─── SUPPLIED RECORDS ───
(* Let $\mu$ be a $\sigma$-finite measure on $[0,\infty)$ and let $F$ be a heavy-tailed distribution on $[0,\infty)$, absolutely continuous with respect to $\mu$ with density $f$. Let $\xi_1,\xi_2,\dots$ be i.i.d. with distribution $F$ and let $\tau$ be a positive integer-valued random variable independent of them, such that $S_\tau=\xi_1+\dots+\xi_\tau$ has a density $f^{*\tau}$ with respect to $\mu$. If $\mathbf E e^{\kappa\tau}<\infty$ for some $\kappa>0$, then $$\liminf_{x\to\infty}\frac{f^{*\tau}(x)}{f(x)}\le\mathbf E\tau.$$
   Context: A distribution $F$ on $[0,\infty)$ is heavy-tailed if $\int_0^\infty e^{\gamma x}F(dx)=\infty$ for every $\gamma>0$. *)

theory Defs
  imports "HOL-Probability.Probability"
begin

text \<open>A distribution F on [0,infinity) (a probability measure on the Borel sets of the
reals giving no mass to the negative half-line) is heavy-tailed if its exponential
moments are all infinite.\<close>
definition heavy_tailed :: "real measure \<Rightarrow> bool" where
  "heavy_tailed F \<longleftrightarrow> (\<forall>\<gamma>>0. (\<integral>\<^sup>+ x. ennreal (exp (\<gamma> * x)) \<partial>F) = \<infinity>)"

end

theory Submission
  imports Defs
begin

(* Suppose g \<ge> b f beyond some x0 with b > E \<tau>.  Because F is heavy-tailed, for every d > 0
   there is a bounded submultiplicative weight v x = exp (\<gamma> min (max x 0) t) with \<integral> v dF = 1 + d,
   and a small \<gamma> makes v \<le> 1 + \<theta> below x0.  Comparing the two densities then gives
     b d = b \<integral> (v - 1) dF \<le> E v(S\<^sub>\<tau>) - 1 + b \<theta> \<le> E (1 + d)\<^bsup>\<tau>\<^esup> - 1 + b \<theta> \<le> d E \<tau> + O(d\<^sup>2) + b \<theta>,
   where the middle step combines submultiplicativity with the independence of \<tau> and the \<xi>\<^sub>i,
   and the last one uses the exponential moment of \<tau>.  Letting first \<theta> and then d tend to 0
   yields b \<le> E \<tau>. *)

lemma one_plus_power_remainder_mono:
  fixes d D :: real
  assumes "0 \<le> d" "d \<le> D"
  shows "((1 + d) ^ n - 1 - n * d) * D\<^sup>2 \<le> ((1 + D) ^ n - 1 - n * D) * d\<^sup>2"
proof (induction n)
  case 0
  then show ?case by simp
next
  case (Suc n)
  have remainder_Suc: "(1 + x) ^ Suc n - 1 - Suc n * x = (1 + x) * ((1 + x) ^ n - 1 - n * x) + n * x\<^sup>2"
    for x :: real
    by (simp add: algebra_simps power2_eq_square)
  have remainder_nonneg: "0 \<le> (1 + d) ^ n - 1 - n * d"
    using Bernoulli_inequality[of d n] assms by simp
  have "(1 + d) * (((1 + d) ^ n - 1 - n * d) * D\<^sup>2) \<le> (1 + D) * (((1 + D) ^ n - 1 - n * D) * d\<^sup>2)"
    by (rule mult_mono) (use Suc.IH assms remainder_nonneg in auto)
  then show ?case
    unfolding remainder_Suc by (simp add: algebra_simps)
qed

lemma one_plus_power_le:
  fixes d D :: real
  assumes "0 \<le> d" "d \<le> D"
  shows "(1 + d) ^ n \<le> 1 + n * d + (d / D)\<^sup>2 * (1 + D) ^ n"
proof (cases "D = 0")
  case True
  then show ?thesis using assms by simp
next
  case False
  have "((1 + d) ^ n - 1 - n * d) * D\<^sup>2 \<le> ((1 + D) ^ n - 1 - n * D) * d\<^sup>2"
    using one_plus_power_remainder_mono[OF assms] .
  also have "\<dots> \<le> (1 + D) ^ n * d\<^sup>2"
    using assms by (intro mult_right_mono) (auto simp: algebra_simps)
  finally show ?thesis
    using False by (simp add: field_simps power_divide)
qed

definition trunc_exp :: "real \<Rightarrow> real \<Rightarrow> real \<Rightarrow> real" where
  "trunc_exp \<gamma> t x = exp (\<gamma> * min (max x 0) t)"

lemma trunc_exp_measurable [measurable]: "trunc_exp \<gamma> t \<in> borel_measurable borel"
  unfolding trunc_exp_def by measurable

lemma trunc_exp_ge_one: "0 \<le> \<gamma> \<Longrightarrow> 0 \<le> t \<Longrightarrow> 1 \<le> trunc_exp \<gamma> t x"
  unfolding trunc_exp_def by simp

lemma trunc_exp_le: "0 \<le> \<gamma> \<Longrightarrow> trunc_exp \<gamma> t x \<le> exp (\<gamma> * t)"
  unfolding trunc_exp_def by (simp add: mult_left_mono)

lemma trunc_exp_le_exp: "0 \<le> \<gamma> \<Longrightarrow> trunc_exp \<gamma> t x \<le> exp (\<gamma> * max x 0)"
  unfolding trunc_exp_def by (simp add: mult_left_mono)

lemma trunc_exp_mono: "0 \<le> \<gamma> \<Longrightarrow> s \<le> t \<Longrightarrow> trunc_exp \<gamma> s x \<le> trunc_exp \<gamma> t x"
  unfolding trunc_exp_def by (auto intro!: mult_left_mono)

lemma trunc_exp_diff_le:
  assumes "0 \<le> \<gamma>" "s \<le> t"
  shows "trunc_exp \<gamma> t x - trunc_exp \<gamma> s x \<le> exp (\<gamma> * t) - exp (\<gamma> * s)"
  using assms unfolding trunc_exp_def
  by (cases "max x 0 \<le> s"; cases "max x 0 \<le> t") (auto simp: min_def intro!: mult_left_mono)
───
**ACTIVITY**
Show every line from the listing above in which the string "False" appears.

**YOUR RESPONSE**
  case False
    using False by (simp add: field_simps power_divide)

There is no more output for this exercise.